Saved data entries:
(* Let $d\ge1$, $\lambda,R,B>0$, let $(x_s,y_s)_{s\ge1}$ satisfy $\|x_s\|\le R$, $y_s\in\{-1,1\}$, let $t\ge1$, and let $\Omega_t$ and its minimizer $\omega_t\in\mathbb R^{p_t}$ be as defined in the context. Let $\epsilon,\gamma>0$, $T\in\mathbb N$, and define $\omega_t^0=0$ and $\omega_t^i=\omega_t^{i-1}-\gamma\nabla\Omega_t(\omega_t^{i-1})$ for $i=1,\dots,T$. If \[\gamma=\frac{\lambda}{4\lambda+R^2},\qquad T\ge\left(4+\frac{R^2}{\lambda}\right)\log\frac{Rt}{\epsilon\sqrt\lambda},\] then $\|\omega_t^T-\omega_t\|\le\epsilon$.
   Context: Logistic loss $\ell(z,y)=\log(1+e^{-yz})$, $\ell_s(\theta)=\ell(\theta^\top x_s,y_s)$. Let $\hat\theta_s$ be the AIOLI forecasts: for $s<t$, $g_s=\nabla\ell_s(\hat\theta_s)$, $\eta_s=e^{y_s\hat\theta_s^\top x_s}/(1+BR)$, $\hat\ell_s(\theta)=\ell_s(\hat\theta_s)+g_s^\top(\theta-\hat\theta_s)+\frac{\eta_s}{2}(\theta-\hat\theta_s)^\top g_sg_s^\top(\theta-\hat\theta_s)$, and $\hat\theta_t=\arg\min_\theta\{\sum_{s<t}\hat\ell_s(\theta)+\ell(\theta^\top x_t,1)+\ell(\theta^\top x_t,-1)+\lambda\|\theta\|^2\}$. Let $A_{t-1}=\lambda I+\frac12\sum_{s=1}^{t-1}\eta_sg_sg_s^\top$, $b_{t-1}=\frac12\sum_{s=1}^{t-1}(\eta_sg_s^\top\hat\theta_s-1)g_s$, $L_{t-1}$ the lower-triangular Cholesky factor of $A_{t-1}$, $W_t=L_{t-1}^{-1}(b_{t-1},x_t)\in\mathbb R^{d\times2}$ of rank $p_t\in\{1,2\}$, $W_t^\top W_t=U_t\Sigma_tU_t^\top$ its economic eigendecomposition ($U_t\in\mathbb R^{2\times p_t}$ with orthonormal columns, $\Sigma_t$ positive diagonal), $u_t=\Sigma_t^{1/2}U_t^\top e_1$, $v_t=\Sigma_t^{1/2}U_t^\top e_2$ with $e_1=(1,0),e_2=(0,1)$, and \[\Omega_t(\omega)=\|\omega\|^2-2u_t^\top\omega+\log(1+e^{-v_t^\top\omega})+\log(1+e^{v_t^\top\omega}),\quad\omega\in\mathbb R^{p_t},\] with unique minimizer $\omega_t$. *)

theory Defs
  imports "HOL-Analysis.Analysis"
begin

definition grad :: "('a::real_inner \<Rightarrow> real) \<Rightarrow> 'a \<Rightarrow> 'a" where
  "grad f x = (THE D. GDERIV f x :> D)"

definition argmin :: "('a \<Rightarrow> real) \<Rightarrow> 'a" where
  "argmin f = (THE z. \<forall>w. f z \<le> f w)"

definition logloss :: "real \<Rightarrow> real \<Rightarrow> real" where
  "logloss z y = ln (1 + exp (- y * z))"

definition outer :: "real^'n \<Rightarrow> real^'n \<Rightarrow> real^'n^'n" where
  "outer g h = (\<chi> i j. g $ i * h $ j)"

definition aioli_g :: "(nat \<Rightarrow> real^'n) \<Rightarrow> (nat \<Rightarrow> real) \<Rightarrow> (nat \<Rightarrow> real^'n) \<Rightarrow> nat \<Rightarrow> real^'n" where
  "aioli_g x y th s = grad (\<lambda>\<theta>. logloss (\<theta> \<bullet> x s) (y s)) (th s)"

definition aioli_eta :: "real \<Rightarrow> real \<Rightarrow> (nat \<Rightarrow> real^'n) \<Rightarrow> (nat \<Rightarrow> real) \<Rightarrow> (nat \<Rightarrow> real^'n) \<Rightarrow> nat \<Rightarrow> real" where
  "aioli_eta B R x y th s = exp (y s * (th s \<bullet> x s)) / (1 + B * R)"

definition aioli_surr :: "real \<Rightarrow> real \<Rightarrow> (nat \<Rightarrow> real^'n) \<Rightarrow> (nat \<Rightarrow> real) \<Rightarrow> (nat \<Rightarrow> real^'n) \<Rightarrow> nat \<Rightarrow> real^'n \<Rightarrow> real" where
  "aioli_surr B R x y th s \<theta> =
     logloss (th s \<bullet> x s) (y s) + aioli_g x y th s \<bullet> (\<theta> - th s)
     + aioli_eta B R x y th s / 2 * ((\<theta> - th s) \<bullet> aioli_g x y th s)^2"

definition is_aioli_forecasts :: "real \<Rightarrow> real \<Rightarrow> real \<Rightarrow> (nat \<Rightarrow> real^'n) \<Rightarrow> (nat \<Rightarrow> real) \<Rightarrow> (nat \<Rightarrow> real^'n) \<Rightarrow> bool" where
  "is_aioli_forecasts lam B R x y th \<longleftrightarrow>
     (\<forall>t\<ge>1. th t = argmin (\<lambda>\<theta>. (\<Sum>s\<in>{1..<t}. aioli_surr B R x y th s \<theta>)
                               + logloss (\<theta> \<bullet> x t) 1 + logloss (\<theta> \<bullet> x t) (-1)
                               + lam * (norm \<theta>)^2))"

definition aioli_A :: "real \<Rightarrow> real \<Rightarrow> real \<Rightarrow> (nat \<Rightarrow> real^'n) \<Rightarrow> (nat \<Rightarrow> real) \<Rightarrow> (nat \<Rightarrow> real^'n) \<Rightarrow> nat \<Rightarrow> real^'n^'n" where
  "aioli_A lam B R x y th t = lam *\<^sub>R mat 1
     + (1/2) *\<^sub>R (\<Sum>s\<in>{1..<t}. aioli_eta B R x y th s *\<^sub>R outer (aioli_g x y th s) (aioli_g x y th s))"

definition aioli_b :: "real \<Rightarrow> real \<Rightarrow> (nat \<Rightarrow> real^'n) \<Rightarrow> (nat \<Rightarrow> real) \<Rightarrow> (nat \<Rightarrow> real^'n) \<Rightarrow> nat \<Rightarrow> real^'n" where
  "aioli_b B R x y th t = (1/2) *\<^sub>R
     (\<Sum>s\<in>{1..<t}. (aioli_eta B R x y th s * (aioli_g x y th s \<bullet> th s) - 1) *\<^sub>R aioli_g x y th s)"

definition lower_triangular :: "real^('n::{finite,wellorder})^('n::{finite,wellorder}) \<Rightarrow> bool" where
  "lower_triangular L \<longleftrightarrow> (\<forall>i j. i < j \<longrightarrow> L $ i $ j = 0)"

--

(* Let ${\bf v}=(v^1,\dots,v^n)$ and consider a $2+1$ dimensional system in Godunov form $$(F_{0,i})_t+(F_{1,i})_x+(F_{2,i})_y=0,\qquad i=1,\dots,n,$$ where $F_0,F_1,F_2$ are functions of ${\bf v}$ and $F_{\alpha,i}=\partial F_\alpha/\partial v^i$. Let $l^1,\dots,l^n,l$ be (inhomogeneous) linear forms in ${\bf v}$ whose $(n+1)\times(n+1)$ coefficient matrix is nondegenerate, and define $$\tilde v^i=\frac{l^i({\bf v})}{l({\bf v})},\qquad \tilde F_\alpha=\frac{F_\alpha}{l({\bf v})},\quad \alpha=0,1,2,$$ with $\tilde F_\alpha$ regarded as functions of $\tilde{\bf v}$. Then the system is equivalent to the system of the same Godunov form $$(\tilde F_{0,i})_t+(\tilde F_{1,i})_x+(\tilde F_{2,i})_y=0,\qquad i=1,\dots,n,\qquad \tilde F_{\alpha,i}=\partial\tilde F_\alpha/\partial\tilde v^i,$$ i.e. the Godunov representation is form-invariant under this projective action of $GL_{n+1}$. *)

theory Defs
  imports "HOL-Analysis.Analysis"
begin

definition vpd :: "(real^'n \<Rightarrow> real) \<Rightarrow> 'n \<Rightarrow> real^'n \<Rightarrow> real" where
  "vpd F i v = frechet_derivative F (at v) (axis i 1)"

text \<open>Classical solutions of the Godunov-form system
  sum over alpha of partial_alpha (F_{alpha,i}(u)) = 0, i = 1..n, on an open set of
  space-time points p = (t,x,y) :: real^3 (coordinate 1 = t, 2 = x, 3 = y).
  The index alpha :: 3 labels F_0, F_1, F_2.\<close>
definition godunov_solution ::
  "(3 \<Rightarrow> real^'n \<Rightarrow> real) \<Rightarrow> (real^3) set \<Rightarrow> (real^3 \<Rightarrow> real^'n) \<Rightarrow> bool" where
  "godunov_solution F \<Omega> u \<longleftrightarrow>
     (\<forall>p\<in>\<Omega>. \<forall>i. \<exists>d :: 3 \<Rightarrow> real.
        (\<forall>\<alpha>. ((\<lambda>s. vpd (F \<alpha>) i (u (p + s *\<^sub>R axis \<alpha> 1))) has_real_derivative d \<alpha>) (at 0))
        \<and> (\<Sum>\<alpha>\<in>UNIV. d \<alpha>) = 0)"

---

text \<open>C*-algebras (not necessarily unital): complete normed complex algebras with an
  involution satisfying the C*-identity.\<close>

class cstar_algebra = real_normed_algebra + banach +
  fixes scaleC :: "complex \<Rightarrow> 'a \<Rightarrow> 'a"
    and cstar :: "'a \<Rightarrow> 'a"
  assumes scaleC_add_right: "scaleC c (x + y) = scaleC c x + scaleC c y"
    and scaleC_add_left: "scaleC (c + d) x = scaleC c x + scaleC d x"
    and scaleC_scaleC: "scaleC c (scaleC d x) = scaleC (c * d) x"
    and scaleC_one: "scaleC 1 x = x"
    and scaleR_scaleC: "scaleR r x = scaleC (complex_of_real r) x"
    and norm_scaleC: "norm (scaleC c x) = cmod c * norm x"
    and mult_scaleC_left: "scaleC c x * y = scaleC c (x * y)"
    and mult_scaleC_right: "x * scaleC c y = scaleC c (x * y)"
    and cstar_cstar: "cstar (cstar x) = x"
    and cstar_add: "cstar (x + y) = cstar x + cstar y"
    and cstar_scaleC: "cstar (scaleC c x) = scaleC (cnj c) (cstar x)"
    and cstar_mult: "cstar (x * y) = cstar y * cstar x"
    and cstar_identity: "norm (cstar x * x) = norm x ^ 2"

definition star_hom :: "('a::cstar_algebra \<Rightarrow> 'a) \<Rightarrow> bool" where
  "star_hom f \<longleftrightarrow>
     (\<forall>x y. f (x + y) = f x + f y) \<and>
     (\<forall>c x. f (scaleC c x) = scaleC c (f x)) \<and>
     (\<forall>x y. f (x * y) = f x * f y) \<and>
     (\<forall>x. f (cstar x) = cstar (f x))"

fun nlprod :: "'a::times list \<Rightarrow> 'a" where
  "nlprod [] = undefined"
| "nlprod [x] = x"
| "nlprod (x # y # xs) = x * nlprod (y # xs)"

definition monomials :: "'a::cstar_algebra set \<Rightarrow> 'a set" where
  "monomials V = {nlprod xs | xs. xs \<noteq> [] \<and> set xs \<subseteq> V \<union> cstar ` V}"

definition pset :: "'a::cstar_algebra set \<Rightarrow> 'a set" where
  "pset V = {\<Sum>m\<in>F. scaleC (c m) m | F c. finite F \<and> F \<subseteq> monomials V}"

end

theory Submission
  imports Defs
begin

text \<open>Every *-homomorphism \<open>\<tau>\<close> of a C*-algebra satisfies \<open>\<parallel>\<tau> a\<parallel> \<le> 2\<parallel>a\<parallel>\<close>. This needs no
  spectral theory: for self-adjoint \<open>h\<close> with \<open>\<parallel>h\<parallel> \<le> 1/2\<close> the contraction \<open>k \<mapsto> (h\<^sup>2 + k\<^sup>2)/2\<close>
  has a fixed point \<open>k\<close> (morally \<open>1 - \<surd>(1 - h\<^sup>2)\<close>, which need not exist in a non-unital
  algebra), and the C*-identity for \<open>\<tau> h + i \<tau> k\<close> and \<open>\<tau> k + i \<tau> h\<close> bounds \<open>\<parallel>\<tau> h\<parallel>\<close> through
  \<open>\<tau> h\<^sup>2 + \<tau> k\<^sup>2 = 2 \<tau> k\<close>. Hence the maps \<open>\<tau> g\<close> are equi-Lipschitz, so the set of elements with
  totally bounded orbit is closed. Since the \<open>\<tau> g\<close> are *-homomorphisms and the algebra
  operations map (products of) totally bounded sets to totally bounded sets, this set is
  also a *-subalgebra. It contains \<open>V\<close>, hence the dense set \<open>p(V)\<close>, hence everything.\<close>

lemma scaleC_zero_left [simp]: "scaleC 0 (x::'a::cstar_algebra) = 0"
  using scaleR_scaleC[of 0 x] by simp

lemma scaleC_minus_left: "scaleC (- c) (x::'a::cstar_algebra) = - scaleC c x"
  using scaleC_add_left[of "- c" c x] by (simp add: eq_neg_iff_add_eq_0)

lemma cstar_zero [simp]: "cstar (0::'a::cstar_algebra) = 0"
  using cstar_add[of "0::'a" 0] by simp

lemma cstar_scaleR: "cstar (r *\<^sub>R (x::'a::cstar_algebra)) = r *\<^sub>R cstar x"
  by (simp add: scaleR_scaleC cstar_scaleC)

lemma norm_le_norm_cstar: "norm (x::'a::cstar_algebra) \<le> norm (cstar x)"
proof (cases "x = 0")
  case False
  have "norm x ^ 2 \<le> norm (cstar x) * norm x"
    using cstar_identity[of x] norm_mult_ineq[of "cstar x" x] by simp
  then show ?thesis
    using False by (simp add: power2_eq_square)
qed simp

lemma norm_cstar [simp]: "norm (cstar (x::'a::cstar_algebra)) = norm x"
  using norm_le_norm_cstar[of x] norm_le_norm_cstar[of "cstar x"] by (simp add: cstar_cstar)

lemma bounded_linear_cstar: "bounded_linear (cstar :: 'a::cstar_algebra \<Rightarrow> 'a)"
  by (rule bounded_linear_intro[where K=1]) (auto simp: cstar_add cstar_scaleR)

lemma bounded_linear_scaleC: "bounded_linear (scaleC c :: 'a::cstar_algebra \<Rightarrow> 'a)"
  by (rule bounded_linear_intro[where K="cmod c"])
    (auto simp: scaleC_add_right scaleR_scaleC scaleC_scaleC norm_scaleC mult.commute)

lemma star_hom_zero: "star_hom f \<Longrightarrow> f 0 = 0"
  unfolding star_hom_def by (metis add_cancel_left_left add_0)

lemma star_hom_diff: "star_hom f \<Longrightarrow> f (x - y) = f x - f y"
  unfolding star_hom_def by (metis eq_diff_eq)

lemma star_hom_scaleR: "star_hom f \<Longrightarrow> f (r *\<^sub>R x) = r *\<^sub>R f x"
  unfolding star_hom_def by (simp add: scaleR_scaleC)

Instructions to follow> Your answer should be a single number: the count of lines above with the word "lemma".

Exercise result> 11